* **EXERCISE DATA**:
lemma straightening:
  obtains \<Phi> :: "'a \<Rightarrow> 'a" and \<Phi>' :: "'a \<Rightarrow> ('a \<Rightarrow>\<^sub>L 'a)"
  where "\<And>x. F x = F' x0 (\<Phi> x)" "\<And>x v. F' x v = F' x0 (\<Phi>' x v)"
    "\<And>x. (\<Phi> has_derivative \<Phi>' x) (at x)" "continuous_on UNIV \<Phi>'" "\<Phi>' x0 = id_blinfun"
proof -
  obtain R where R: "linear R" "F' x0 \<circ> R = id"
    using linear_surjective_right_inverse[OF linear_blinfun_apply surj_F'] by blast
  have LR: "\<And>z. F' x0 (R z) = z" using R(2) by (simp add: pointfree_idE)
  have blR: "bounded_linear R" using R(1) by (simp add: linear_conv_bounded_linear)
  then have R_apply: "blinfun_apply (Blinfun R) = R" by (rule bounded_linear_Blinfun_apply)
  define \<Phi> where "\<Phi> = (\<lambda>x. x + R (F x - F' x0 x))"
  define \<Phi>' where "\<Phi>' x = id_blinfun + (Blinfun R o\<^sub>L (F' x - F' x0))" for x
  show thesis
  proof
    show "F x = F' x0 (\<Phi> x)" for x
      unfolding \<Phi>_def by (simp add: blinfun.add_right LR)
    show "F' x v = F' x0 (\<Phi>' x v)" for x v
      unfolding \<Phi>'_def
      by (simp add: R_apply plus_blinfun.rep_eq minus_blinfun.rep_eq blinfun.add_right blinfun.diff_left LR)
    show "(\<Phi> has_derivative \<Phi>' x) (at x)" for x
    proof -
      have "((\<lambda>x. F x - F' x0 x) has_derivative (\<lambda>h. F' x h - F' x0 h)) (at x)"
        by (rule has_derivative_diff[OF has_derivative_F
              bounded_linear.has_derivative[OF blinfun.bounded_linear_right has_derivative_ident]])
      then have "((\<lambda>x. R (F x - F' x0 x)) has_derivative (\<lambda>h. R (F' x h - F' x0 h))) (at x)"
        by (rule bounded_linear.has_derivative[OF blR])
      then have "(\<Phi> has_derivative (\<lambda>h. h + R (F' x h - F' x0 h))) (at x)"
        unfolding \<Phi>_def by (rule has_derivative_add[OF has_derivative_ident])
      moreover have "(\<lambda>h. h + R (F' x h - F' x0 h)) = \<Phi>' x"
        by (auto simp: \<Phi>'_def R_apply plus_blinfun.rep_eq minus_blinfun.rep_eq)
      ultimately show ?thesis by simp
    qed
    show "continuous_on UNIV \<Phi>'"
      unfolding \<Phi>'_def by (intro continuous_intros continuous_F')
    show "\<Phi>' x0 = id_blinfun"
      unfolding \<Phi>'_def by simp
  qed
qed

lemma lyusternik: "\<forall>\<^sub>F x in nhds x0. surj (F' x) \<and> tangent_lifting F (F' x) x"
proof -
  obtain \<Phi> and \<Phi>' :: "'a \<Rightarrow> ('a \<Rightarrow>\<^sub>L 'a)" where \<Phi>: "\<And>x. F x = F' x0 (\<Phi> x)" "\<And>x v. F' x v = F' x0 (\<Phi>' x v)"
    and der\<Phi>: "\<And>x. (\<Phi> has_derivative \<Phi>' x) (at x)" and cont\<Phi>': "continuous_on UNIV \<Phi>'"
    and \<Phi>'0: "\<Phi>' x0 = id_blinfun"
    using straightening by blast
  obtain U V G G' where U: "open U" "U \<subseteq> UNIV" "x0 \<in> U" and V: "open V" "\<Phi> x0 \<in> V"
    and hom: "homeomorphism U V \<Phi> G"
    and G: "\<And>y. y \<in> V \<Longrightarrow> (G has_derivative G' y) (at y)"
    and G': "\<And>y. y \<in> V \<Longrightarrow> G' y = inv (\<Phi>' (G y))"
    and bij: "\<And>y. y \<in> V \<Longrightarrow> bij (\<Phi>' (G y))"
    by (rule inverse_function_theorem[of UNIV \<Phi> \<Phi>' x0 id_blinfun]) (use der\<Phi> cont\<Phi>' \<Phi>'0 in \<open>auto intro: blinfun_eqI\<close>)
  have "surj (F' x) \<and> tangent_lifting F (F' x) x" if x: "x \<in> U" for x
  proof
    have \<Phi>x: "\<Phi> x \<in> V" "G (\<Phi> x) = x" and \<Phi>G: "\<And>y. y \<in> V \<Longrightarrow> \<Phi> (G y) = y"
      using hom x unfolding homeomorphism_def by auto
    have bij_x: "bij (\<Phi>' x)" using bij[OF \<Phi>x(1)] \<Phi>x(2) by simp
    have "blinfun_apply (F' x) = F' x0 \<circ> \<Phi>' x" using \<Phi>(2) by auto
    then show "surj (F' x)" using comp_surj[OF bij_is_surj[OF bij_x] surj_F'] by simp
    have "G' (\<Phi> x) = inv (\<Phi>' x)" using G'[OF \<Phi>x(1)] \<Phi>x(2) by simp
    then have "G' (\<Phi> x) (\<Phi>' x v) = v" for v using bij_is_inj[OF bij_x] by (simp add: inv_f_f)
    then show "tangent_lifting F (F' x) x"
      using tangent_lifting_local_inverse[of "F' x0" F \<Phi> "F' x" "\<Phi>' x" V x G "G' (\<Phi> x)",
          OF linear_blinfun_apply surj_F' \<Phi> V(1) \<Phi>x(1)
          \<Phi>G \<Phi>x(2) G[OF \<Phi>x(1)]]
      by blast
  qed
  then show ?thesis using U(1,3) by (auto simp: eventually_nhds)
qed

* **PROBLEM STATEMENT**: Look for the string "lemma" in the records, and copy every line where it is found.

* **ANSWER TO THIS EXERCISE**:
lemma straightening:
lemma lyusternik: "\<forall>\<^sub>F x in nhds x0. surj (F' x) \<and> tangent_lifting F (F' x) x"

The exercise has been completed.